Barnlund's Transactional Model

Barnlund adds complexity by identifying multiple cue systems that operate during any interaction:

  • Public cues come from the environment (a noisy restaurant, a formal boardroom).
  • Private cues are internal (your personal thoughts, mood, or biases).
  • Behavioral cues are the verbal and nonverbal signals you actually produce (words, gestures, tone).
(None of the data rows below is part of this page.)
text \<open>Path concatenation (same formula as the library's joinpaths, for an arbitrary carrier type).\<close>
definition concat_path :: "(real \<Rightarrow> 'a) \<Rightarrow> (real \<Rightarrow> 'a) \<Rightarrow> real \<Rightarrow> 'a" where
  "concat_path f g = (\<lambda>t. if t \<le> 1/2 then f (2 * t) else g (2 * t - 1))"

definition fundamental_group :: "'a topology \<Rightarrow> 'a \<Rightarrow> (real \<Rightarrow> 'a) set monoid" where
  "fundamental_group X a =
     \<lparr> carrier = {loop_class X a f | f. loop_at X a f},
       mult = (\<lambda>c d. \<Union>{loop_class X a (concat_path f g) | f g. f \<in> c \<and> g \<in> d}),
       one = loop_class X a (\<lambda>t. a) \<rparr>"

definition P_alpha_I :: "'k set \<Rightarrow> 'a set set \<Rightarrow> 'a topology \<Rightarrow> 'a \<Rightarrow> (real \<Rightarrow> 'a) set set" where
  "P_alpha_I K I X a = generate (fundamental_group X a)
     {loop_class X a f | f. alpha_I_loop_inf K I X a f}"

end

theory Submission
  imports Defs
begin

text \<open>Loops are reparametrized, concatenated and reversed exactly as in the classical proof
  that \<open>\<pi>\<^sub>1(X,a)\<close> is a group, and none of these operations makes a fibre bigger than the
  union of two old fibres. Since \<open>\<alpha>\<close> is infinite, a union of two sets of size \<open>< \<alpha>\<close> again has
  size \<open>< \<alpha>\<close>, and the exceptional sets combine within the ideal, so the classes of
  \<open>\<alpha>\<^sub>I\<close>-loops are closed under products and inverses. The constant loop may have a fibre
  of size continuum; the identity is instead represented by \<open>h \<cdot> h\<^sup>-\<^sup>1\<close> for an arc \<open>h\<close>
  starting at \<open>a\<close>, whose fibres have at most two points.\<close>

lemma lesspoll_iff_card_of_ordLess: "A \<prec> B \<longleftrightarrow> ordLess2 (card_of A) (card_of B)"
  unfolding lesspoll_def lepoll_def eqpoll_iff_card_of_ordIso
  by (metis card_of_ordLeq ordLeq_iff_ordLess_or_ordIso not_ordLess_ordIso)

lemma Un_lesspoll_infinite: "infinite K \<Longrightarrow> A \<prec> K \<Longrightarrow> B \<prec> K \<Longrightarrow> A \<union> B \<prec> K"
  using card_of_Un_ordLess_infinite lesspoll_iff_card_of_ordLess by blast

abbreviation loop_homotopic :: "'a topology \<Rightarrow> 'a \<Rightarrow> (real \<Rightarrow> 'a) \<Rightarrow> (real \<Rightarrow> 'a) \<Rightarrow> bool"
  where "loop_homotopic X a f g \<equiv>
    homotopic_with (\<lambda>h. h 0 = a \<and> h 1 = a) (top_of_set {0..1}) X f g"

lemma loop_homotopic_imp_loop_at:
  assumes "loop_homotopic X a f g"
  shows "loop_at X a f \<and> loop_at X a g"
  using homotopic_with_imp_continuous_maps[OF assms] homotopic_with_imp_property[OF assms]
  by (simp add: loop_at_def pathin_def)

lemma loop_homotopic_refl: "loop_at X a f \<Longrightarrow> loop_homotopic X a f f"
  by (simp add: loop_at_def pathin_def)

lemma loop_homotopic_reparametrize:
  assumes f: "pathin X f"
    and \<phi>: "path \<phi>" "\<phi> ` {0..1} \<subseteq> {0..1}" and \<psi>: "path \<psi>" "\<psi> ` {0..1} \<subseteq> {0..1}"
    and ends: "\<psi> 0 = \<phi> 0" "\<psi> 1 = \<phi> 1" "f (\<phi> 0) = a" "f (\<phi> 1) = a"
  shows "loop_homotopic X a (f \<circ> \<phi>) (f \<circ> \<psi>)"
proof -
  have "homotopic_paths {0..1} \<phi> \<psi>"
  proof (rule homotopic_paths_linear)
    fix t :: real
    assume "t \<in> {0..1}"
    then have "\<phi> t \<in> {0..1}" "\<psi> t \<in> {0..1}"
      using \<phi>(2) \<psi>(2) by (auto simp: image_subset_iff)
    then show "closed_segment (\<phi> t) (\<psi> t) \<subseteq> {0..1}"
      by (simp add: closed_segment_subset)
  qed (use \<phi> \<psi> ends in \<open>auto simp: pathstart_def pathfinish_def\<close>)
  then show ?thesis
    unfolding homotopic_paths_def
    by (rule homotopic_with_compose_continuous_map_left)
      (use f ends in \<open>auto simp: pathin_def pathstart_def pathfinish_def\<close>)
qed

lemma loop_homotopic_concat_path:
  assumes "loop_homotopic X a f f'" and "loop_homotopic X a g g'"
  shows "loop_homotopic X a (concat_path f g) (concat_path f' g')"
proof -
  let ?S = "prod_topology (top_of_set {0..1::real}) (top_of_set {0..1::real})"
  obtain k1 where k1: "continuous_map ?S X k1" "\<forall>x. k1 (0, x) = f x" "\<forall>x. k1 (1, x) = f' x"
    and ends1: "\<forall>s\<in>{0..1}. k1 (s, 0) = a \<and> k1 (s, 1) = a"
    using assms(1) by (auto simp: homotopic_with_def)
  obtain k2 where k2: "continuous_map ?S X k2" "\<forall>x. k2 (0, x) = g x" "\<forall>x. k2 (1, x) = g' x"
    and ends2: "\<forall>s\<in>{0..1}. k2 (s, 0) = a \<and> k2 (s, 1) = a"
    using assms(2) by (auto simp: homotopic_with_def)
  define k where "k y = (if snd y \<le> 1/2 then k1 (fst y, 2 * snd y) else k2 (fst y, 2 * snd y - 1))"
    for y
  have fst: "continuous_map ?S euclideanreal fst" and snd: "continuous_map ?S euclideanreal snd"
    using continuous_map_fst continuous_map_snd continuous_map_in_subtopology by blast+
  have "continuous_map ?S X k"
    unfolding k_def
  proof (rule continuous_map_cases_le)
    show "continuous_map (subtopology ?S {y \<in> topspace ?S. snd y \<le> 1/2}) X
            (\<lambda>y. k1 (fst y, 2 * snd y))"
      by (intro fst snd continuous_map_compose[OF _ k1(1), unfolded o_def]
          continuous_intros continuous_map_into_subtopology continuous_map_from_subtopology | simp)+
        (force simp: prod_topology_subtopology)
    show "continuous_map (subtopology ?S {y \<in> topspace ?S. 1/2 \<le> snd y}) X
            (\<lambda>y. k2 (fst y, 2 * snd y - 1))"
      by (intro fst snd continuous_map_compose[OF _ k2(1), unfolded o_def]
          continuous_intros continuous_map_into_subtopology continuous_map_from_subtopology | simp)+
        (force simp: prod_topology_subtopology)
  qed (use snd ends1 ends2 in \<open>auto simp: mult.commute[of 2]\<close>)
  then show ?thesis
    unfolding homotopic_with_def
    by (intro exI[of _ k]) (simp add: k_def concat_path_def k1 k2 ends1 ends2)
qed

lemma loop_at_concat_path:
  "loop_at X a f \<Longrightarrow> loop_at X a g \<Longrightarrow> loop_at X a (concat_path f g)"
  by (meson loop_homotopic_concat_path loop_homotopic_imp_loop_at loop_homotopic_refl)

lemma loop_homotopic_const_concat_path:
  assumes "loop_at X a f"
  shows "loop_homotopic X a (concat_path (\<lambda>t. a) f) f"
proof -
  have "loop_homotopic X a (f \<circ> (\<lambda>t. max 0 (2*t - 1))) (f \<circ> (\<lambda>t. t))"
    by (rule loop_homotopic_reparametrize)
      (use assms in \<open>auto simp: loop_at_def path_def continuous_intros\<close>)
  moreover have "f \<circ> (\<lambda>t. max 0 (2*t - 1)) = concat_path (\<lambda>t. a) f"
  proof
    fix t :: real
    show "(f \<circ> (\<lambda>t. max 0 (2*t - 1))) t = concat_path (\<lambda>t. a) f t"
      using assms by (cases "2*t = 1") (auto simp: concat_path_def loop_at_def max_def)
  qed
  ultimately show ?thesis
    by (simp add: o_def)
qed

definition reverse_path :: "(real \<Rightarrow> 'a) \<Rightarrow> real \<Rightarrow> 'a"
  where "reverse_path f = (\<lambda>t. f (1 - t))"

lemma reverse_path_reverse_path [simp]: "reverse_path (reverse_path f) = f"
  by (simp add: reverse_path_def)

lemma pathin_reverse_path: "pathin X f \<Longrightarrow> pathin X (reverse_path f)"
  unfolding pathin_def reverse_path_def
  by (rule continuous_map_compose[of _ "top_of_set {0..1}", unfolded o_def])
    (auto simp: continuous_on_op_minus)

lemma loop_at_reverse_path: "loop_at X a f \<Longrightarrow> loop_at X a (reverse_path f)"
  by (simp add: loop_at_def pathin_reverse_path) (simp add: reverse_path_def)

lemma concat_reverse_path_eq_tent:
  "concat_path h (reverse_path h) = h \<circ> (\<lambda>t. min (2*t) (2 - 2*t))"
  by (auto simp: concat_path_def reverse_path_def min_def)

lemma loop_homotopic_concat_reverse_path:
  assumes "pathin X f" "f 0 = a"
  shows "loop_homotopic X a (concat_path f (reverse_path f)) (\<lambda>t. a)"
proof -
  have "loop_homotopic X a (f \<circ> (\<lambda>t. min (2*t) (2 - 2*t))) (f \<circ> (\<lambda>t. 0))"
    by (rule loop_homotopic_reparametrize)
      (use assms in \<open>auto simp: path_def continuous_intros\<close>)
  then show ?thesis
    using assms by (simp add: concat_reverse_path_eq_tent o_def)
qed

lemma loop_homotopic_concat_path_assoc:
  assumes "loop_at X a f" "loop_at X a g" "loop_at X a h"
  shows "loop_homotopic X a (concat_path (concat_path f g) h) (concat_path f (concat_path g h))"
proof -
  let ?k = "concat_path f (concat_path g h)"
  let ?p = "\<lambda>t::real. min (min (2*t) (t + 1/4)) ((t + 1)/2)"
  have k: "pathin X ?k" "?k 0 = a" "?k 1 = a"
    using loop_at_concat_path[OF assms(1) loop_at_concat_path[OF assms(2,3)]]
    by (simp_all add: loop_at_def)
  have "concat_path (concat_path f g) h = ?k \<circ> ?p"
    by (auto simp: fun_eq_iff concat_path_def min_def field_simps)
      (simp_all add: diff_divide_distrib mult.commute)
  moreover have "path ?p" "path (\<lambda>t::real. t)"
    by (simp_all add: path_def continuous_intros)
  moreover have "?p ` {0..1} \<subseteq> {0..1}"
    by (auto simp: min_le_iff_disj)
  ultimately show ?thesis
    using loop_homotopic_reparametrize[of X ?k ?p "\<lambda>t. t" a] k by (simp add: o_def)
qed

lemma loop_class_eq:
  assumes "loop_homotopic X a f g"
  shows "loop_class X a f = loop_class X a g"
  unfolding loop_class_def
  by (auto intro: homotopic_with_trans[OF homotopic_with_symD[OF assms]] homotopic_with_trans[OF assms])

lemma mem_loop_class_self: "loop_at X a f \<Longrightarrow> f \<in> loop_class X a f"
  by (simp add: loop_class_def loop_at_def pathin_def)

lemma one_fundamental_group: "\<one>\<^bsub>fundamental_group X a\<^esub> = loop_class X a (\<lambda>t. a)"
  by (simp add: fundamental_group_def)

lemma carrier_fundamental_group:
  "carrier (fundamental_group X a) = {loop_class X a f | f. loop_at X a f}"
  by (simp add: fundamental_group_def)

lemma mult_loop_class:
  assumes "loop_at X a f" "loop_at X a g"
  shows "loop_class X a f \<otimes>\<^bsub>fundamental_group X a\<^esub> loop_class X a g
           = loop_class X a (concat_path f g)"
proof -
  have "loop_class X a (concat_path f' g') = loop_class X a (concat_path f g)"
    if "f' \<in> loop_class X a f" "g' \<in> loop_class X a g" for f' g'
  proof -
    have "loop_homotopic X a f f'" "loop_homotopic X a g g'"
      using that by (simp_all add: loop_class_def)
    then have "loop_homotopic X a (concat_path f g) (concat_path f' g')"
      by (rule loop_homotopic_concat_path)
    then show ?thesis
      by (rule loop_class_eq[symmetric])
  qed
  moreover have "f \<in> loop_class X a f" "g \<in> loop_class X a g"
    using assms by (simp_all add: mem_loop_class_self)
  ultimately have "{loop_class X a (concat_path f' g') | f' g'.
                      f' \<in> loop_class X a f \<and> g' \<in> loop_class X a g}
                   = {loop_class X a (concat_path f g)}"
    by blast
  then show ?thesis
    by (simp add: fundamental_group_def)
qed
Communication in this model is continuous and irreversible. You can't "unsend" a message, and every interaction builds on previous ones. Cultural and social factors are explicitly recognized as shaping how participants construct meaning together.

Compare: Basic Transactional vs. Barnlund: both emphasize simultaneity, but Barnlund's model accounts for the multiple layers of cues we process during interaction. Use Barnlund when discussing how environment or cultural background influences face-to-face communication.


Developmental Models: Communication Over Time

These models view communication as an evolving spiral rather than a single event. Past interactions shape present communication, and skills develop through accumulated experience.

Dance's Helical Model

Frank Dance proposed that communication should be visualized as an expanding spiral (a helix). Communication starts narrow with simple exchanges and widens as understanding deepens.

  • Each interaction builds on previous ones, so you never communicate the same way twice. How you handled a conflict last time influences how you approach it now.
  • Relational dynamics evolve. Early conversations with a new friend differ fundamentally from exchanges years later, because you've built up shared context, inside jokes, and mutual understanding.
  • Context accumulates. The more history you share with someone, the more efficiently you can communicate. A single look across the room can carry meaning that would take paragraphs to explain to a stranger.

This model is particularly useful for explaining how long-term relationships develop richer, more nuanced communication patterns over time.


Quick Reference Table

ConceptBest Examples
Linear/One-Way TransmissionShannon-Weaver, Lasswell
Component AnalysisBerlo's SMCR, Westley-MacLean
Feedback and InteractionSchramm, Osgood-Schramm
Simultaneous ExchangeTransactional, Barnlund
Developmental/EvolutionaryDance's Helical
Mass Communication FocusLasswell, Westley-MacLean
Noise and BarriersShannon-Weaver
Shared Experience/CultureSchramm, Barnlund

Self-Check Questions

  1. Which two models both emphasize feedback but differ in whether communication has a clear starting point? What's the key distinction between them?

  2. A student sends an email to a professor, but the professor misinterprets the tone as rude due to cultural differences. Which model best explains this breakdown, and why?

  3. Compare and contrast Lasswell's Model with Shannon-Weaver: How do their purposes differ even though both are linear?

  4. If a question asks you to explain how a 20-year friendship communicates differently than new acquaintances, which model provides the best framework? What specific concept would you emphasize?

  5. You're watching a heated debate where both participants are simultaneously speaking, reading body language, and adjusting their arguments in real time. Which model category best captures this, and what would Barnlund's version add that the basic version doesn't?